Fertilizer production ranges from backyard composting to massive industrial operations that convert raw minerals and atmospheric gases into plant-ready nutrients. The three primary nutrients in commercial fertilizer are nitrogen, phosphorus, and potassium, and each one requires a fundamentally different manufacturing process. Global output is enormous: in 2024, the world produced roughly 190 million metric tons of ammonia, 88 million metric tons of phosphoric acid, and 73.5 million metric tons of potash.
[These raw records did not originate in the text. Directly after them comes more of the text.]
lemma AE_convergent_separable_sum:
  fixes \<nu> :: "nat \<Rightarrow> real measure" and f :: "nat \<Rightarrow> nat \<Rightarrow> real \<Rightarrow> real"
  assumes prob: "\<And>j. j < d \<Longrightarrow> prob_space (\<nu> j)"
    and conv: "AE y in PiM {..<d} \<nu>. convergent (\<lambda>n. K n + (\<Sum>j<d. f n j (y j)))"
  obtains c where "convergent (\<lambda>n. K n - (\<Sum>j<d. c n j))"
    and "\<And>j. j < d \<Longrightarrow> AE u in \<nu> j. convergent (\<lambda>n. f n j u + c n j)"
proof -
  let ?S = "\<lambda>y n. K n + (\<Sum>j<d. f n j (y j))"
  have "AE y in PiM {..<d} \<nu>. AE u in \<nu> j. convergent (?S (y(j := u)))" if "j \<in> {..<d}" for j
  proof -
    have j: "insert j {..<d} = {..<d}" using that by blast
    from AE_PiM_insert[of j "{..<d}" \<nu>, unfolded j, OF prob conv] show ?thesis
      by simp
  qed
  then have "AE y in PiM {..<d} \<nu>. \<forall>j\<in>{..<d}. AE u in \<nu> j. convergent (?S (y(j := u)))"
    by (intro AE_finite_allI) auto
  then obtain y where y: "convergent (?S y)" "\<forall>j\<in>{..<d}. AE u in \<nu> j. convergent (?S (y(j := u)))"
    using prob_space.AE_imp_ex[OF prob_space_PiM AE_conjI[OF conv]] prob by blast
  define c where "c n j = - f n j (y j)" for n j
  have "?S y = (\<lambda>n. K n - (\<Sum>j<d. c n j))"
    by (simp add: c_def sum_negf)
  moreover have slice: "?S (y(j := u)) n - ?S y n = f n j u + c n j" if "j < d" for j u n
    using that by (simp add: c_def sum.remove[of "{..<d}" j])
  have "AE u in \<nu> j. convergent (\<lambda>n. f n j u + c n j)" if j: "j < d" for j
  proof -
    have "AE u in \<nu> j. convergent (?S (y(j := u)))" using y(2) j by blast
    then show ?thesis
    proof (rule eventually_mono)
      fix u assume "convergent (?S (y(j := u)))"
      from convergent_diff[OF this y(1)] show "convergent (\<lambda>n. f n j u + c n j)"
        by (simp only: slice[OF j])
    qed
  qed
  ultimately show ?thesis
    using that y(1) by simp
qed

lemma AE_convergent_separable_sum_family:
  fixes M :: "'a measure" and \<nu> :: "nat \<Rightarrow> real measure" and f :: "nat \<Rightarrow> nat \<Rightarrow> 'a \<Rightarrow> real \<Rightarrow> real"
  assumes prob: "\<And>j. j < d \<Longrightarrow> prob_space (\<nu> j)"
    and conv: "AE x in M. AE y in PiM {..<d} \<nu>. convergent (\<lambda>n. K n x + (\<Sum>j<d. f n j x (y j)))"
  obtains c where "AE x in M. convergent (\<lambda>n. K n x - (\<Sum>j<d. c x n j)) \<and>
    (\<forall>j<d. AE u in \<nu> j. convergent (\<lambda>n. f n j x u + c x n j))"
proof -
  define good where "good x c \<longleftrightarrow> convergent (\<lambda>n. K n x - (\<Sum>j<d. c n j)) \<and>
    (\<forall>j<d. AE u in \<nu> j. convergent (\<lambda>n. f n j x u + c n j))" for x c
  have "AE x in M. good x (SOME c. good x c)"
    using conv
  proof (rule eventually_mono)
    fix x assume "AE y in PiM {..<d} \<nu>. convergent (\<lambda>n. K n x + (\<Sum>j<d. f n j x (y j)))"
    from AE_convergent_separable_sum[where K="\<lambda>n. K n x" and f="\<lambda>n j. f n j x", OF prob this]
    obtain c where "good x c"
      unfolding good_def by blast
    then show "good x (SOME c. good x c)"
      by (rule someI[of "good x"])
  qed
  then show ?thesis
    unfolding good_def by (rule that)
qed

lemma AE_convergent_affine_slices:
  fixes M :: "'a measure" and \<nu> :: "nat \<Rightarrow> real measure"
  assumes M: "prob_space M" and \<nu>: "\<And>j. j < d \<Longrightarrow> nondirac_law (\<nu> j)"
    and conv: "AE x in M. AE y in PiM {..<d} \<nu>.
      convergent (\<lambda>n. R n x + (\<Sum>j<d. A n j x * y j + F n j (y j)))"
  obtains \<alpha> e where "\<And>j. j < d \<Longrightarrow> AE x in M. convergent (\<lambda>n. A n j x - \<alpha> n j)"
    and "AE x in M. convergent (\<lambda>n. R n x - (\<Sum>j<d. e n j))"
    and "\<And>j. j < d \<Longrightarrow> AE u in \<nu> j. convergent (\<lambda>n. \<alpha> n j * u + F n j u + e n j)"
proof -
  have "\<And>j. j < d \<Longrightarrow> prob_space (\<nu> j)"
    using \<nu> by (simp add: nondirac_law_def)
  from AE_convergent_separable_sum_family[where K=R and f="\<lambda>n j x u. A n j x * u + F n j u",
      OF this conv]
  obtain c where good: "AE x in M. convergent (\<lambda>n. R n x - (\<Sum>j<d. c x n j)) \<and>
      (\<forall>j<d. AE u in \<nu> j. convergent (\<lambda>n. A n j x * u + F n j u + c x n j))"
    by blast
  then obtain x0 where x0: "\<forall>j<d. AE u in \<nu> j. convergent (\<lambda>n. A n j x0 * u + F n j u + c x0 n j)"
    using prob_space.AE_imp_ex[OF M] by blast
  define \<alpha> where "\<alpha> n j = A n j x0" for n j
  define e where "e = c x0"
  have diffs: "AE x in M. convergent (\<lambda>n. A n j x - \<alpha> n j) \<and> convergent (\<lambda>n. c x n j - e n j)"
    if j: "j < d" for j
    using good
  proof (rule eventually_mono)
    fix x assume "convergent (\<lambda>n. R n x - (\<Sum>j<d. c x n j)) \<and>
      (\<forall>j<d. AE u in \<nu> j. convergent (\<lambda>n. A n j x * u + F n j u + c x n j))"
    with x0 j have "AE u in \<nu> j. convergent (\<lambda>n. A n j x * u + F n j u + c x n j)"
      "AE u in \<nu> j. convergent (\<lambda>n. \<alpha> n j * u + F n j u + e n j)"
      unfolding \<alpha>_def e_def by auto
    from nondirac_law_AE_convergent_affine_diff[OF \<nu>[OF j] this]
    show "convergent (\<lambda>n. A n j x - \<alpha> n j) \<and> convergent (\<lambda>n. c x n j - e n j)" .
  qed
  have "AE x in M. \<forall>j\<in>{..<d}. convergent (\<lambda>n. c x n j - e n j)"
    using diffs by (intro AE_finite_allI) (simp_all add: eventually_conj_iff)
  with good have "AE x in M. convergent (\<lambda>n. R n x - (\<Sum>j<d. e n j))"
  proof eventually_elim
    case (elim x)
    then have "convergent (\<lambda>n. (R n x - (\<Sum>j<d. c x n j)) + (\<Sum>j<d. c x n j - e n j))"
      by (intro convergent_add convergent_sum) auto
    then show ?case
      by (simp add: sum_subtractf)
  qed
  moreover have "\<And>j. j < d \<Longrightarrow> AE x in M. convergent (\<lambda>n. A n j x - \<alpha> n j)"
    using diffs by (simp add: eventually_conj_iff)
  moreover have "\<And>j. j < d \<Longrightarrow> AE u in \<nu> j. convergent (\<lambda>n. \<alpha> n j * u + F n j u + e n j)"
    using x0 unfolding \<alpha>_def e_def by simp
  ultimately show ?thesis
    using that by blast
qed

definition trading_gains ::
  "nat \<Rightarrow> nat \<Rightarrow> (nat \<Rightarrow> nat \<Rightarrow> (nat \<Rightarrow> nat \<Rightarrow> real) \<Rightarrow> real) \<Rightarrow> (nat \<Rightarrow> nat \<Rightarrow> real) \<Rightarrow> real" where
  "trading_gains d K h x = (\<Sum>t<K. \<Sum>j<d. h t j (restrict x {..t}) * (x (Suc t) j - x t j))"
Nitrogen Fertilizer Starts With Air
Nitrogen makes up about 78% of the atmosphere, but plants can’t use it in gas form. The Haber-Bosch process, developed in the early 1900s, solved this by combining atmospheric nitrogen with hydrogen gas under extreme heat and pressure in the presence of an iron catalyst. The result is ammonia, the building block of nearly all nitrogen fertilizers.
That ammonia can be applied directly as a fertilizer (anhydrous ammonia) or processed further into urea, ammonium nitrate, or ammonium sulfate. Urea is by far the most common form. Global urea production hit a record 199.7 million metric tons in 2024. To make urea, ammonia is reacted with carbon dioxide under pressure, forming a solid that contains about 46% nitrogen by weight, the highest concentration of any common solid nitrogen fertilizer.
The hydrogen needed for the Haber-Bosch process typically comes from natural gas through a process called steam methane reforming, which is why nitrogen fertilizer prices track closely with natural gas prices. This also makes nitrogen fertilizer production one of the most energy-intensive manufacturing processes in the world, consuming roughly 1-2% of global energy.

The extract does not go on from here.